TASK ITEM: Within this listing, how many lines include the word "intro"? Only the number should be given.

THE DATA:
----------

lemma eventually_closed_walks: "\<exists>C. \<forall>v\<in>{1..n}. \<forall>c\<ge>C. period dvd c \<longrightarrow> bpow n A c v v"
proof -
  obtain C where C: "\<forall>X. add_submonoid X \<longrightarrow> short_cycle_lengths \<subseteq> X \<longrightarrow>
      (\<forall>c\<ge>C. Gcd short_cycle_lengths dvd c \<longrightarrow> c \<in> X)"
    using large_Gcd_multiples_in_add_submonoid[of short_cycle_lengths] finite_S finite_T
    by (auto simp: short_cycle_lengths_def)
  have "bpow n A c v v" if v: "v \<in> {1..n}" and c: "c \<ge> C" "period dvd c" for v c
  proof -
    have "add_submonoid {c. bpow n A c v v}"
      using v bpow_add by (auto simp: add_submonoid_def bid_def)
    moreover have "short_cycle_lengths \<subseteq> {c. bpow n A c v v}"
      using closed_walk_cycle_length[OF Min_S_in _ Min_S_add_le v]
        closed_walk_cycle_length[OF _ Min_T_in add_Min_T_le v]
      by (auto simp: short_cycle_lengths_def)
    moreover have "Gcd short_cycle_lengths dvd c"
      using Gcd_short_cycle_lengths_dvd_period c(2) by (rule dvd_trans)
    ultimately show ?thesis using C c(1) by blast
  qed
  then show ?thesis by blast
qed

definition up_reachable :: "nat \<Rightarrow> bool" where
  "up_reachable c \<longleftrightarrow> (\<forall>p. 1 \<le> p \<longrightarrow> p + c \<le> n \<longrightarrow> reaches p (p + c))"

definition down_reachable :: "nat \<Rightarrow> bool" where
  "down_reachable c \<longleftrightarrow> (\<forall>p. c < p \<longrightarrow> p \<le> n \<longrightarrow> reaches p (p - c))"

lemma up_reachable_S: "x \<in> S \<Longrightarrow> up_reachable x"
  unfolding up_reachable_def using step_up by blast

lemma down_reachable_T: "y \<in> T \<Longrightarrow> down_reachable y"
  unfolding down_reachable_def using step_down by blast

lemma reaches_greedy:
  assumes "up_reachable a" "down_reachable b" "a + b \<le> n" "p \<in> {1..n}"
    and "int p + int u * int a - int w * int b \<in> {1..int n}"
  shows "reaches p (nat (int p + int u * int a - int w * int b))"
proof -
  have "(\<lambda>_ p q. reaches p q) (u * 0 + w * 0) p (nat (int p + int u * int a - int w * int b))"
  proof (rule greedy_walk[where n = n and x = a and y = b])
    show "reaches p p" if "p \<in> {1..n}" for p using that by (intro exI[of _ 0]) (simp add: bid_def)
    show "reaches p r" if "reaches p q" "reaches q r" for p q r using that bpow_add by blast
  qed (use assms in \<open>auto simp: up_reachable_def down_reachable_def\<close>)
  then show ?thesis by simp
qed

lemma up_down_reachable_gcd:
  assumes up: "up_reachable a" and down: "down_reachable b" and ab: "a + b \<le> n"
    and "a > 0" "b > 0"
  shows "up_reachable (gcd a b)" and "down_reachable (gcd a b)"
proof -
  obtain u w where "a * u = b * w + gcd a b" using bezout_nat[of a b] \<open>a > 0\<close> by auto
  then have uw: "int u * int a - int w * int b = int (gcd a b)"
    by (metis add_diff_cancel_left' mult.commute of_nat_add of_nat_mult)
  show "up_reachable (gcd a b)" unfolding up_reachable_def
  proof (intro allI impI)
    fix p assume "1 \<le> p" "p + gcd a b \<le> n"
    moreover have "int p + int u * int a - int w * int b = int (p + gcd a b)"
      using uw unfolding of_nat_add by linarith
    ultimately show "reaches p (p + gcd a b)"
      using reaches_greedy[OF up down ab, of p u w] by (simp del: of_nat_add)
  qed
  obtain u' w' where "b * w' = a * u' + gcd a b"
    using bezout_nat[of b a] \<open>b > 0\<close> by (auto simp: gcd.commute)
  then have uw': "int u' * int a - int w' * int b = - int (gcd a b)"
    by (metis add_diff_cancel_left' minus_diff_eq mult.commute of_nat_add of_nat_mult)
  show "down_reachable (gcd a b)" unfolding down_reachable_def
  proof (intro allI impI)
    fix p assume "gcd a b < p" "p \<le> n"
    moreover from this have "int p + int u' * int a - int w' * int b = int (p - gcd a b)"
      using uw' unfolding of_nat_diff[OF less_imp_le[OF \<open>gcd a b < p\<close>]] by linarith
    moreover have "p - gcd a b \<in> {1..n}" using \<open>gcd a b < p\<close> \<open>p \<le> n\<close> by auto
    ultimately show "reaches p (p - gcd a b)"
      using reaches_greedy[OF up down ab, of p u' w'] by (simp del: of_nat_diff)
  qed
qed

definition common_steps :: "nat set" where
  "common_steps = {c. c > 0 \<and> up_reachable c \<and> down_reachable c}"

definition least_step :: nat where
  "least_step = (LEAST c. c \<in> common_steps)"

lemma gcd_mem_common_steps: "x \<in> S \<Longrightarrow> y \<in> T \<Longrightarrow> x + y \<le> n \<Longrightarrow> gcd x y \<in> common_steps"
  using up_down_reachable_gcd[OF up_reachable_S down_reachable_T] S_pos T_pos
  by (simp add: common_steps_def)

lemma least_step_mem: "least_step \<in> common_steps"
  unfolding least_step_def
  by (rule LeastI) (rule gcd_mem_common_steps[OF Min_S_in Min_T_in Min_S_add_le[OF Min_T_in]])

lemma least_step_le: "least_step \<le> s1" "least_step \<le> t1"
proof -
  have "least_step \<le> gcd s1 t1"
    unfolding least_step_def
    by (rule Least_le) (rule gcd_mem_common_steps[OF Min_S_in Min_T_in Min_S_add_le[OF Min_T_in]])
  then show "least_step \<le> s1" "least_step \<le> t1"
    using S_pos[OF Min_S_in] T_pos[OF Min_T_in]
    by (auto intro: order_trans[OF _ gcd_le1_nat] order_trans[OF _ gcd_le2_nat])
qed

lemma least_step_dvd: "c \<in> common_steps \<Longrightarrow> least_step + c \<le> n \<Longrightarrow> least_step dvd c"
proof -
  assume c: "c \<in> common_steps" "least_step + c \<le> n"
  then have "gcd least_step c \<in> common_steps"
    using up_down_reachable_gcd[of least_step c] least_step_mem by (auto simp: common_steps_def)
  then have "least_step \<le> gcd least_step c" unfolding least_step_def by (rule Least_le)
  moreover have "gcd least_step c \<le> least_step"
    using least_step_mem by (simp add: common_steps_def)
  ultimately show ?thesis by (metis gcd_dvd2 le_antisym)
qed

lemma least_step_dvd_S: "x \<in> S \<Longrightarrow> least_step dvd x"
proof -
  assume x: "x \<in> S"
  have "gcd x t1 \<le> t1" using T_pos[OF Min_T_in] by simp
  then have "least_step + gcd x t1 \<le> n" using least_step_le Min_S_add_le[OF Min_T_in] by linarith
  then have "least_step dvd gcd x t1"
    by (rule least_step_dvd[OF gcd_mem_common_steps[OF x Min_T_in add_Min_T_le[OF x]]])
  then show ?thesis using dvd_trans gcd_dvd1 by blast
qed

lemma least_step_dvd_T: "y \<in> T \<Longrightarrow> least_step dvd y"
proof -
  assume y: "y \<in> T"
  have "gcd s1 y \<le> s1" using S_pos[OF Min_S_in] by simp
  then have "least_step + gcd s1 y \<le> n" using least_step_le Min_S_add_le[OF Min_T_in] by linarith
  then have "least_step dvd gcd s1 y"
    by (rule least_step_dvd[OF gcd_mem_common_steps[OF Min_S_in y Min_S_add_le[OF y]]])
  then show ?thesis using dvd_trans gcd_dvd2 by blast
qed

lemma least_step_dvd_gcd: "least_step dvd gcd d s1"
proof -
  have "least_step dvd d"
    unfolding d_def by (rule Gcd_greatest) (auto intro: dvd_add least_step_dvd_S least_step_dvd_T)
  then show ?thesis using least_step_dvd_S[OF Min_S_in] by simp
qed

lemma reaches_if_congruent:
  assumes i: "i \<in> {1..n}" and k: "k \<in> {1..n}" and "int (gcd d s1) dvd int k - int i"
  shows "reaches i k"
proof -
  let ?\<gamma> = least_step
  have "int ?\<gamma> dvd int k - int i"
    using least_step_dvd_gcd assms(3) by (meson dvd_trans of_nat_dvd_iff)
  then obtain q where q: "int k - int i = int ?\<gamma> * q" by (rule dvdE)
  have "int i + int (nat q) * int ?\<gamma> - int (nat (- q)) * int ?\<gamma> = int k"
    using q by (cases "q \<ge> 0") (simp_all add: algebra_simps)
  moreover have "?\<gamma> + ?\<gamma> \<le> n" using least_step_le Min_S_add_le[OF Min_T_in] by linarith
  ultimately show ?thesis
    using reaches_greedy[of ?\<gamma> ?\<gamma> i "nat q" "nat (- q)"] least_step_mem i k
    by (simp add: common_steps_def)
qed

lemma eventually_walks_if_congruent:
  "\<exists>M. \<forall>m\<ge>M. \<forall>i\<in>{1..n}. \<forall>k\<in>{1..n}.
     int d dvd int k - int i - int m * int s1 \<longrightarrow> bpow n A m i k"
proof -
  obtain B where B: "\<And>i k. reaches i k \<Longrightarrow> \<exists>a\<le>B. bpow n A a i k"
    using bounded_walk_lengths by blast
  obtain C where C: "\<And>v c. v \<in> {1..n} \<Longrightarrow> c \<ge> C \<Longrightarrow> period dvd c \<Longrightarrow> bpow n A c v v"
    using eventually_closed_walks by blast
  have "bpow n A m i k"
    if m: "m \<ge> B + C" and i: "i \<in> {1..n}" and k: "k \<in> {1..n}"
      and congr: "int d dvd int k - int i - int m * int s1" for m i k
  proof -
    \<comment> \<open>A walk from \<open>i\<close> to \<open>k\<close> of length at most \<open>B\<close>, preceded by a closed walk at \<open>i\<close>
      that fills up the length.\<close>
    have "int (gcd d s1) dvd (int k - int i - int m * int s1) + int m * int s1"
      using congr by (intro dvd_add) (auto intro: dvd_trans[of _ "int d"])
    then have "reaches i k" using reaches_if_congruent[OF i k] by simp
    then obtain a where a: "a \<le> B" "bpow n A a i k" using B by blast
    have "int d dvd (int k - int i - int a * int s1) - (int k - int i - int m * int s1)"
      using walk_congruence[OF a(2)] congr by (rule dvd_diff)
    then have "period dvd m - a" using a(1) m by (simp add: period_dvd_iff algebra_simps)
    then have "bpow n A (m - a) i i" using C[OF i] a(1) m by simp
    from bpow_add[OF this a(2)] show ?thesis using a(1) m by simp
  qed
  then show ?thesis by blast
qed

lemma eventually_bpow_iff:
  "\<exists>M. \<forall>m\<ge>M. \<forall>i k. bpow n A m i k \<longleftrightarrow>
     i \<in> {1..n} \<and> k \<in> {1..n} \<and> int d dvd int k - int i - int m * int s1"
  using eventually_walks_if_congruent bpow_in_range walk_congruence by meson

lemma exists_congruent_vertex: "\<exists>k\<in>{1..n}. int d dvd int k - z"
proof
  define k where "k = nat ((z - 1) mod int d) + 1"
  have "(z - 1) mod int d \<ge> 0" "(z - 1) mod int d < int d" using d_pos by simp_all
  then show "k \<in> {1..n}" using d_le_n by (auto simp: k_def)
  have "int k - z = - (int d * ((z - 1) div int d))"
    using \<open>(z - 1) mod int d \<ge> 0\<close> div_mult_mod_eq[of "z - 1" "int d"]
    by (simp add: k_def algebra_simps)
  then show "int d dvd int k - z" by simp
qed

lemma eventually_bpow_shift_iff: "\<exists>M. \<forall>m\<ge>M. \<forall>q. bpow n A (m + q) = bpow n A m \<longleftrightarrow> period dvd q"
proof -
  obtain M where M: "\<And>m i k. m \<ge> M \<Longrightarrow> bpow n A m i k \<longleftrightarrow>
      i \<in> {1..n} \<and> k \<in> {1..n} \<and> int d dvd int k - int i - int m * int s1"
    using eventually_bpow_iff by blast
  have "bpow n A (m + q) = bpow n A m \<longleftrightarrow> int d dvd int q * int s1" if "m \<ge> M" for m q
  proof
    assume eq: "bpow n A (m + q) = bpow n A m"
    obtain k where k: "k \<in> {1..n}" "int d dvd int k - int 1 - int m * int s1"
      using exists_congruent_vertex by (metis diff_diff_eq)
    then have "bpow n A m 1 k" using M[OF that] n_ge_2 by simp
    then have "int d dvd int k - int 1 - int (m + q) * int s1" using eq M[of "m + q"] that by simp
    from dvd_diff[OF k(2) this] show "int d dvd int q * int s1" by (simp add: algebra_simps)
  next
    assume "int d dvd int q * int s1"
    then have "int d dvd int k - int i - int m * int s1 \<longleftrightarrow>
        int d dvd int k - int i - int (m + q) * int s1" for i k
      using dvd_add_left_iff[of "int d" "int q * int s1" "int k - int i - int (m + q) * int s1"]
      by (simp add: algebra_simps)
    then show "bpow n A (m + q) = bpow n A m" using M that by (auto simp: fun_eq_iff)
  qed
  then show ?thesis by (auto simp: period_dvd_iff)
qed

----------

SOLUTION FOR THIS TASK: 6